I wanted to take a slightly different approach to my final Iftar feature, and so decided against another family gathering, instead opting for female-only Iftar, held at the home of Tariq al Barwani.

I reached the house in Mawalah on a windy Sunday evening and was welcomed and escorted in by Tariq himself, who introduced me to his wife, Nashat, before making himself scarce. Ahead of me were the three smiling faces of Hamida, Aziza and Fatma, all Nashat’s cousins, who had children of their own with them.

We broke our fast in a simple manner with a delicious variety of dates, mixed nuts, laban, baklava and Omani coffee, before moving into a separate room to pray.

Before heading to the dinner table, we chatted over some mint tea and sambosas. Nashat’s cousins were full of life and I was captivated by their joint recollection of time spent together when they were teenagers. “We were the closest in the family, always hanging around with each other,” Fatma tells me. “I used to sleep at Nashat’s place as a teenager and when it was time for me to go, Nashat used to pack her bag to sleep at mine. When we were done with my house, we both would go to Aziza’s place for a sleepover and finally to Hamida’s, so it was like a chain,” she laughs.

Despite having full-time jobs as well as demanding roles as wives and mothers, the foursome still make a point of meeting over coffee or lunch at least once every two months. “This is our second gathering during Ramadan, the first one was held at my place,” Fatma says.

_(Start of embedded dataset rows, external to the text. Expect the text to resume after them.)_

lemma label_shift_pair_density:
  fixes P Q :: "('x \<times> nat) measure" and MX :: "'x measure" and U0 :: "'u measure"
  assumes "prob_space P" "prob_space Q" "sigma_finite_measure U0"
    and sP: "sets P = sets (MX \<Otimes>\<^sub>M count_space {1..K})"
    and sQ: "sets Q = sets (MX \<Otimes>\<^sub>M count_space {1..K})"
    and p_pos: "\<forall>y\<in>{1..K}. measure P (space MX \<times> {y}) > 0"
    and w_def: "\<forall>y\<in>{1..K}. w y = measure Q (space MX \<times> {y}) / measure P (space MX \<times> {y})"
    and label_shift: "\<forall>A\<in>sets MX. \<forall>y\<in>{1..K}.
          measure Q (A \<times> {y}) * measure P (space MX \<times> {y})
        = measure P (A \<times> {y}) * measure Q (space MX \<times> {y})"
  shows "Q \<Otimes>\<^sub>M U0 = density (P \<Otimes>\<^sub>M U0) (\<lambda>s. ennreal (w (snd (fst s))))"
proof -
  have "Q = density P (\<lambda>a. ennreal (w (snd a)))"
    by (rule label_shift_density[OF _ sP sQ _ _ p_pos w_def label_shift])
      (use assms(1,2) in \<open>simp_all add: prob_space_def\<close>)
  then have "Q \<Otimes>\<^sub>M U0 = density P (\<lambda>a. ennreal (w (snd a))) \<Otimes>\<^sub>M density U0 (\<lambda>_. 1)"
    by (simp add: density_1)
  also have "\<dots> = density (P \<Otimes>\<^sub>M U0) (\<lambda>(a, u). ennreal (w (snd a)) * 1)"
    using assms borel_measurable_label_fun[OF sP]
      by (intro pair_measure_density) (auto simp: prob_space_imp_sigma_finite density_1)
  finally show ?thesis by (simp add: case_prod_beta')
qed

With conversation flowing easily, we slowly moved to the dinner table and found a feast waiting, all prepared lovingly by Nashat. After sampling a bowl of the chicken and sweetcorn soup, I tried some of the meatball and potato curry Fatma had contributed. It was delicious; a lot like the curry we make in India, except it was served with my favourite Omani chapatti, which is quite distinct from its Indian counterpart and a lot more flavoursome. There was also a selection of Omani minced meat pies and some prawns on offer.

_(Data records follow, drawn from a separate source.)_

(* For every rooted tree $T$, \[\mathcal{P}(T;x,y)=L(T;x,y):=\sum_{A\in\mathcal{A}(T)}x^{\ell(A)}y^{s(A)}.\]
   Context: For a rooted tree $T$ with root $r$, the branches $T_1,\dots,T_k$ are the subtrees obtained by deleting $r$, each rooted at the neighbour of $r$ it contains; $|T|$ is the number of vertices. The polynomial $\mathcal{P}(T;x,y)$ is defined recursively by $\mathcal{P}(T;x,y)=x$ if $T$ has a single vertex, and otherwise $\mathcal{P}(T;x,y)=\prod_{i=1}^k\mathcal{P}(T_i;x,y)+y^{|T|-1}$. An antichain in $T$ is a set of vertices no two of which lie on a common path starting at the root (i.e. no one is an ancestor of another); a maximal antichain is an antichain not properly contained in another antichain; $\mathcal{A}(T)$ is the set of maximal antichains of $T$. A leaf is a vertex with no children (so the root of a one-vertex tree is a leaf). For $A\in\mathcal{A}(T)$, $\ell(A)$ is the number of leaves in $A$, and $s(A)=\sum_{a\in A}(|T_a|-1)$, where $T_a$ is the subtree consisting of $a$ and all its descendants. *)

theory Defs
  imports Main "HOL-Library.Sublist"
begin

text \<open>Rooted trees as rose trees: a node together with the list of its branches.
  Vertices are addressed by positions (paths of child indices from the root).\<close>

datatype rtree = Node "rtree list"

fun children :: "rtree \<Rightarrow> rtree list" where
  "children (Node ts) = ts"

fun tsize :: "rtree \<Rightarrow> nat" where
  "tsize (Node ts) = Suc (sum_list (map tsize ts))"

fun Ppoly :: "rtree \<Rightarrow> 'a::comm_ring_1 \<Rightarrow> 'a \<Rightarrow> 'a" where
  "Ppoly (Node ts) x y =
     (if ts = [] then x
      else prod_list (map (\<lambda>t. Ppoly t x y) ts) + y ^ (tsize (Node ts) - 1))"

After dinner, Nashat surprised the kids and the rest of us with some chocolate ice creams before announcing that more dessert would be on the way in the form of umm ali. I normally don’t eat umm ali, but made a point to try this one and was glad I did; it was absolutely fantastic and a great way to end the meal.

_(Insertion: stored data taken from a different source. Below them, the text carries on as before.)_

(* For any monoid $M$, $\mathfrak{L}(\mathrm{Val},\mathrm{PDA},M)=\mathfrak{L}(\mathrm{Val},\mathrm{NFA},\mathrm{P}_2\times M)$.
   Context: A pushdown automaton is $(Q,\Sigma,\Gamma,\delta,q_0,Q_a)$ with finite states $Q$, input alphabet $\Sigma$, stack alphabet $\Gamma$, initial state $q_0$, accept states $Q_a$, and $\delta: Q\times\Sigma_\varepsilon\times\Gamma_\varepsilon\to\mathbb{P}(Q\times\Gamma_\varepsilon)$ (with $X_\varepsilon=X\cup\{\varepsilon\}$; a transition reads an input letter or nothing, pops a symbol or nothing, pushes a symbol or nothing). A valence PDA over $M$ assigns to each transition an element of $M$ (its valence); the valence of a computation is the product of the valences of its transitions in order, and a word is accepted if there is an accepting computation for it whose valence is the identity of $M$ (accepting computations being those of the underlying PDA, ending in an accept state with empty stack). $\mathfrak{L}(\mathrm{Val},\mathrm{PDA},M)$ is the family of languages so accepted. A valence automaton over a monoid $N$ is a nondeterministic finite automaton with $\varepsilon$-moves in which each transition carries a valence in $N$, accepting a word if some computation reading it from the initial state to an accept state has valence product equal to the identity; $\mathfrak{L}(\mathrm{Val},\mathrm{NFA},N)$ is the family of such languages. For a finite alphabet $X$, the polycyclic monoid $P(X)$ is the monoid of partial functions on $X^*$ generated by $P_x:u\mapsto ux$ and $Q_x: ux\mapsto u$ (defined only on $X^*x$), $x\in X$; $\mathrm{P}_2$ is the polycyclic monoid on a two-letter alphabet. *)

theory Defs
  imports Main
begin

text \<open>States and stack symbols are taken from nat (every finite set embeds into nat).
A transition (p, a, g, q, h) reads a or nothing (None), pops g or nothing,
moves to q and pushes h or nothing. The stack is a list with its top at the head.\<close>

type_synonym 'a pda_trans = "nat \<times> 'a option \<times> nat option \<times> nat \<times> nat option"

record ('a, 'm) vpda =
  pda_states :: "nat set"
  pda_delta  :: "'a pda_trans set"
  pda_val    :: "'a pda_trans \<Rightarrow> 'm"
  pda_init   :: nat
  pda_acc    :: "nat set"

definition opt_list :: "'b option \<Rightarrow> 'b list" where
  "opt_list x = (case x of None \<Rightarrow> [] | Some y \<Rightarrow> [y])"

definition vpda_wf :: "('a, 'm) vpda \<Rightarrow> bool" where
  "vpda_wf A \<longleftrightarrow> finite (pda_states A) \<and> finite (pda_delta A)
     \<and> pda_init A \<in> pda_states A \<and> pda_acc A \<subseteq> pda_states A
     \<and> (\<forall>(p, a, g, q, h) \<in> pda_delta A. p \<in> pda_states A \<and> q \<in> pda_states A)"

inductive pda_run :: "('a, 'm::monoid_mult) vpda \<Rightarrow> nat \<times> nat list \<Rightarrow> 'a list \<Rightarrow> 'm
                       \<Rightarrow> nat \<times> nat list \<Rightarrow> bool" for A where
  pda_refl: "pda_run A c [] 1 c"
| pda_step: "\<lbrakk> (p, a, g, q, h) \<in> pda_delta A;
               pda_run A (q, opt_list h @ r) w m c \<rbrakk>
             \<Longrightarrow> pda_run A (p, opt_list g @ r) (opt_list a @ w)
                    (pda_val A (p, a, g, q, h) * m) c"

definition vpda_lang :: "('a, 'm::monoid_mult) vpda \<Rightarrow> 'a list set" where
  "vpda_lang A = {w. \<exists>q. q \<in> pda_acc A \<and> pda_run A (pda_init A, []) w 1 (q, [])}"

text \<open>The family L(Val, PDA, M), restricted to languages over the (arbitrary) letter type 'a.\<close>

definition vpda_langs :: "'m::monoid_mult itself \<Rightarrow> 'a list set set" where
  "vpda_langs (_ :: 'm itself) =
     {L. \<exists>A :: ('a, 'm) vpda. vpda_wf A \<and> L = vpda_lang A}"

type_synonym 'a nfa_trans = "nat \<times> 'a option \<times> nat"

record ('a, 'n) vnfa =
  nfa_states :: "nat set"
  nfa_delta  :: "'a nfa_trans set"
  nfa_val    :: "'a nfa_trans \<Rightarrow> 'n"
  nfa_init   :: nat
  nfa_acc    :: "nat set"

definition vnfa_wf :: "'n set \<Rightarrow> ('a, 'n) vnfa \<Rightarrow> bool" where
  "vnfa_wf N A \<longleftrightarrow> finite (nfa_states A) \<and> finite (nfa_delta A)
     \<and> nfa_init A \<in> nfa_states A \<and> nfa_acc A \<subseteq> nfa_states A
     \<and> (\<forall>(p, a, q) \<in> nfa_delta A. p \<in> nfa_states A \<and> q \<in> nfa_states A)
     \<and> (\<forall>t \<in> nfa_delta A. nfa_val A t \<in> N)"

inductive nfa_run :: "('n \<Rightarrow> 'n \<Rightarrow> 'n) \<Rightarrow> 'n \<Rightarrow> ('a, 'n) vnfa
                       \<Rightarrow> nat \<Rightarrow> 'a list \<Rightarrow> 'n \<Rightarrow> nat \<Rightarrow> bool" for mult one A where
  nfa_refl: "nfa_run mult one A p [] one p"
| nfa_step: "\<lbrakk> (p, a, q) \<in> nfa_delta A; nfa_run mult one A q w m r \<rbrakk>
             \<Longrightarrow> nfa_run mult one A p (opt_list a @ w) (mult (nfa_val A (p, a, q)) m) r"

definition vnfa_lang :: "('n \<Rightarrow> 'n \<Rightarrow> 'n) \<Rightarrow> 'n \<Rightarrow> ('a, 'n) vnfa \<Rightarrow> 'a list set" where
  "vnfa_lang mult one A =
     {w. \<exists>q. q \<in> nfa_acc A \<and> nfa_run mult one A (nfa_init A) w one q}"

text \<open>The family L(Val, NFA, N) for the monoid (N, mult, one), over letter type 'a.\<close>

definition vnfa_langs :: "'n set \<Rightarrow> ('n \<Rightarrow> 'n \<Rightarrow> 'n) \<Rightarrow> 'n \<Rightarrow> 'a list set set" where
  "vnfa_langs N mult one =
     {L. \<exists>A :: ('a, 'n) vnfa. vnfa_wf N A \<and> L = vnfa_lang mult one A}"

text \<open>Partial functions on X* with X = bool (a two-letter alphabet).
Product in the monoid: f \<cdot> g = "first f, then g", identity = Some.\<close>

type_synonym pfun = "bool list \<Rightarrow> bool list option"

definition pmul :: "pfun \<Rightarrow> pfun \<Rightarrow> pfun" where
  "pmul f g = g \<circ>\<^sub>m f"

definition Pgen :: "bool \<Rightarrow> pfun" where
  "Pgen x = (\<lambda>u. Some (u @ [x]))"

definition Qgen :: "bool \<Rightarrow> pfun" where
  "Qgen x = (\<lambda>u. if u \<noteq> [] \<and> last u = x then Some (butlast u) else None)"

inductive_set P2 :: "pfun set" where
  P2_one: "Some \<in> P2"
| P2_P: "f \<in> P2 \<Longrightarrow> pmul f (Pgen x) \<in> P2"
| P2_Q: "f \<in> P2 \<Longrightarrow> pmul f (Qgen x) \<in> P2"

definition prodmul :: "pfun \<times> 'm::monoid_mult \<Rightarrow> pfun \<times> 'm \<Rightarrow> pfun \<times> 'm" where
  "prodmul x y = (pmul (fst x) (fst y), snd x * snd y)"

end

theory Submission
  imports Defs "HOL-Library.Nat_Bijection"
begin

text \<open>Every element of P_2 is a word in the generators P_x (push the bit x) and Q_x (pop the
bit x), and it acts on bit strings by editing their right end only, so it is the identity
as soon as it maps the empty word to itself. Hence a valence automaton over P_2 \<times> M is a
pushdown automaton over a two-letter stack alphabet in disguise: expanding each transition
into a chain of single pushes and pops gives a valence PDA over M. Conversely, a valence PDA
over M becomes a valence automaton over P_2 \<times> M by coding the stack symbol n as the
prefix-free bit string 0 1^n and letting the P_2-component of each transition pop the code
of the symbol it pops and push the code of the symbol it pushes; an accepting computation
ends with an empty stack exactly when its P_2-valence maps the empty word to itself.\<close>

section \<open>The polycyclic monoid\<close>

lemma pmul_apply: "pmul f g x = (case f x of None \<Rightarrow> None | Some y \<Rightarrow> g y)"
  by (simp add: pmul_def map_comp_def)

lemma pmul_eq_Some_iff: "pmul f g x = Some y \<longleftrightarrow> (\<exists>z. f x = Some z \<and> g z = Some y)"
  by (simp add: pmul_apply split: option.splits)

lemma pmul_assoc: "pmul (pmul f g) h = pmul f (pmul g h)"
  by (rule ext) (simp add: pmul_apply split: option.splits)

lemma pmul_Some_left [simp]: "pmul Some f = f"
  by (rule ext) (simp add: pmul_apply)

lemma pmul_Some_right [simp]: "pmul f Some = f"
  by (rule ext) (simp add: pmul_apply split: option.splits)

lemma Qgen_eq_Some_iff: "Qgen b y = Some z \<longleftrightarrow> y = z @ [b]"
  by (auto simp: Qgen_def) (metis append_butlast_last_id)+

definition polygen :: "bool \<times> bool \<Rightarrow> pfun" where
  "polygen g = (if fst g then Pgen (snd g) else Qgen (snd g))"

fun polyword :: "(bool \<times> bool) list \<Rightarrow> pfun" where
  "polyword [] = Some"
| "polyword (g # gs) = pmul (polygen g) (polyword gs)"

lemma polyword_append: "polyword (gs @ hs) = pmul (polyword gs) (polyword hs)"
  by (induction gs) (auto simp: pmul_assoc)

lemma polyword_in_P2: "polyword gs \<in> P2"
proof (induction gs rule: rev_induct)
  case Nil
  then show ?case by (simp add: P2_one)
next
  case (snoc g gs)
  then show ?case
    by (cases g) (auto simp: polyword_append polygen_def intro: P2_P P2_Q)
qed

lemma P2_imp_polyword: "f \<in> P2 \<Longrightarrow> \<exists>gs. f = polyword gs"
proof (induction rule: P2.induct)
  case P2_one
  show ?case by (rule exI[of _ "[]"]) simp
next
  case (P2_P f x)
  then obtain gs where "f = polyword gs" by blast
  then show ?case by (intro exI[of _ "gs @ [(True, x)]"]) (simp add: polyword_append polygen_def)
next
  case (P2_Q f x)
  then obtain gs where "f = polyword gs" by blast
  then show ?case by (intro exI[of _ "gs @ [(False, x)]"]) (simp add: polyword_append polygen_def)
qed

lemma P2_pmul_closed: "f \<in> P2 \<Longrightarrow> g \<in> P2 \<Longrightarrow> pmul f g \<in> P2"
  by (metis P2_imp_polyword polyword_in_P2 polyword_append)

lemma P2_append_left: "f \<in> P2 \<Longrightarrow> f x = Some y \<Longrightarrow> f (w @ x) = Some (w @ y)"
proof (induction arbitrary: x y rule: P2.induct)
  case P2_one
  then show ?case by simp
next
  case (P2_P f b)
  then show ?case by (auto simp: pmul_eq_Some_iff Pgen_def)
next
  case (P2_Q f b)
  then show ?case by (auto simp: pmul_eq_Some_iff Qgen_eq_Some_iff)
qed

lemma P2_eq_Some_if_Nil: "f \<in> P2 \<Longrightarrow> f [] = Some [] \<Longrightarrow> f = Some"
  by (rule ext) (metis P2_append_left append_Nil2)

lemma polyword_push: "polyword (map (Pair True) v) u = Some (u @ v)"
  by (induction v arbitrary: u) (auto simp: pmul_apply polygen_def Pgen_def)

lemma polyword_pop_eq_Some_iff: "polyword (map (Pair False) (rev v)) x = Some z \<longleftrightarrow> x = z @ v"
proof (induction v arbitrary: x z)
  case Nil
  then show ?case by simp
next
  case (Cons b v)
  have "polyword (map (Pair False) (rev (b # v))) = pmul (polyword (map (Pair False) (rev v))) (Qgen b)"
    by (simp add: polyword_append polygen_def)
  then show ?case
    by (auto simp: pmul_eq_Some_iff Cons Qgen_eq_Some_iff)
qed

lemma nfa_run_valence_in_P2:
  assumes "vnfa_wf (P2 \<times> UNIV) A" and "nfa_run prodmul (Some, 1) A p w v q"
  shows "fst v \<in> P2"
  using assms(2)
proof (induction rule: nfa_run.induct)
  case (nfa_step p a q w m r)
  then have "fst (nfa_val A (p, a, q)) \<in> P2"
    using assms(1) by (auto simp: vnfa_wf_def)
  with nfa_step.IH show ?case by (simp add: prodmul_def P2_pmul_closed)
qed (simp add: P2_one)

lemma pda_run_stepI:
  "(p, a, g, q, h) \<in> pda_delta A \<Longrightarrow> pda_run A (q, s') w m c \<Longrightarrow>
   s' = opt_list h @ r \<Longrightarrow> s = opt_list g @ r \<Longrightarrow> w' = opt_list a @ w \<Longrightarrow>
   m' = pda_val A (p, a, g, q, h) * m \<Longrightarrow>
   pda_run A (p, s) w' m' c"
  using pda_step by blast

lemma nfa_run_stepI:
  "(p, a, q) \<in> nfa_delta A \<Longrightarrow> nfa_run mult one A q w m r \<Longrightarrow>
   w' = opt_list a @ w \<Longrightarrow> m' = mult (nfa_val A (p, a, q)) m \<Longrightarrow>
   nfa_run mult one A p w' m' r"
  by (simp add: nfa_step)

definition list_of_set :: "'b set \<Rightarrow> 'b list" where
  "list_of_set S = (SOME l. set l = S)"

lemma set_list_of_set: "finite S \<Longrightarrow> set (list_of_set S) = S"
  unfolding list_of_set_def by (rule someI_ex) (rule finite_list)

text \<open>Both simulations rename the states of the given automaton and add auxiliary states
indexed by a transition and a position in the chain replacing it.\<close>

definition base_state :: "nat \<Rightarrow> nat" where
  "base_state p = prod_encode (0, p)"

definition aux_state :: "nat \<Rightarrow> nat \<Rightarrow> nat" where
  "aux_state i j = prod_encode (Suc i, j)"

section \<open>Valence automata over P_2 \<times> M are valence pushdown automata over M\<close>

text \<open>A bit string x is kept on the stack as the symbols 0/1, last letter on top.\<close>

definition bit_stack :: "bool list \<Rightarrow> nat list" where
  "bit_stack x = map of_bool (rev x)"

definition stack_bits :: "nat list \<Rightarrow> bool list" where
  "stack_bits s = map (\<lambda>n. n \<noteq> 0) (rev s)"

definition pop_sym :: "bool \<times> bool \<Rightarrow> nat option" where
  "pop_sym g = (if fst g then None else Some (of_bool (snd g)))"

definition push_sym :: "bool \<times> bool \<Rightarrow> nat option" where
  "push_sym g = (if fst g then Some (of_bool (snd g)) else None)"

lemma polygen_imp_stack_step:
  assumes "polygen g x = Some y"
  shows "\<exists>r. bit_stack x = opt_list (pop_sym g) @ r \<and> bit_stack y = opt_list (push_sym g) @ r"
proof (cases "fst g")
  case True
  then show ?thesis using assms
    by (auto simp: polygen_def Pgen_def bit_stack_def pop_sym_def push_sym_def opt_list_def)
next
  case False
  then show ?thesis using assms
    by (auto simp: polygen_def Qgen_eq_Some_iff bit_stack_def pop_sym_def push_sym_def opt_list_def)
qed

lemma polygen_stack_bits:
  "polygen g (stack_bits (opt_list (pop_sym g) @ r)) = Some (stack_bits (opt_list (push_sym g) @ r))"
  by (cases g) (auto simp: polygen_def Pgen_def Qgen_def stack_bits_def pop_sym_def push_sym_def
      opt_list_def)

locale vnfa_to_vpda =
  fixes A :: "('a, pfun \<times> 'm::monoid_mult) vnfa"
  assumes wf: "vnfa_wf (P2 \<times> UNIV) A"
begin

Nashat is the head of marketing at a telecom company in Oman and a busy woman. While we were chatting, she told me that in previous years she used to attend every gathering she was invited to, which was quite hectic for her. However, from this Ramadan onwards, she’s decided to focus on smaller gatherings where she can spend quality time with the people she meets. She is also trying to spend more time with her family. “I am in the office from 7am to 1pm. I get home and make sure that my husband, kids and myself get a refreshing nap from about 2pm to 4.30pm. When I wake up, I head to the gym for a while and when I get home we plan simple meals for Iftar,” she says. “After Iftar, we pray, have dinner and then pray Tarawih. I am trying to pass on what I have learnt from my parents to my own children.”


When she was younger, Ramadan was a time full of surprises for Nashat. “We didn’t have many responsibilities as kids and so for us, Ramadan was an indication that Eid was approaching and all the presents that come with it,” she tells me. “The family used to gather a lot more back then. Our favourite cartoon shows were aired during Ramadan and it was a relaxed time, but now that we have grown up, we try to focus more on the spiritual side. As the lady of the house, I have the responsibility to gather our family under one roof.”

Nashat also narrated a story to us that highlighted the way that Ramadan can change people’s attitudes and behaviour for the better. “I saw an old neighbour of my parents when I was buying groceries for today’s gathering. I used to see him quite often but we never spoke. However, today in the supermarket he came up and spoke to me for a while, just because it was Ramadan.”

Time spent with Nashat and her cousins seemed to shoot by and it was almost 10pm before I knew it. I was about to leave when, in keeping with her childhood memories of Ramadan, Nashat revealed she had one more surprise up her sleeve and gifted us all with a small bottle of Oud perfume; a reminder that sometimes it’s good to never grow up.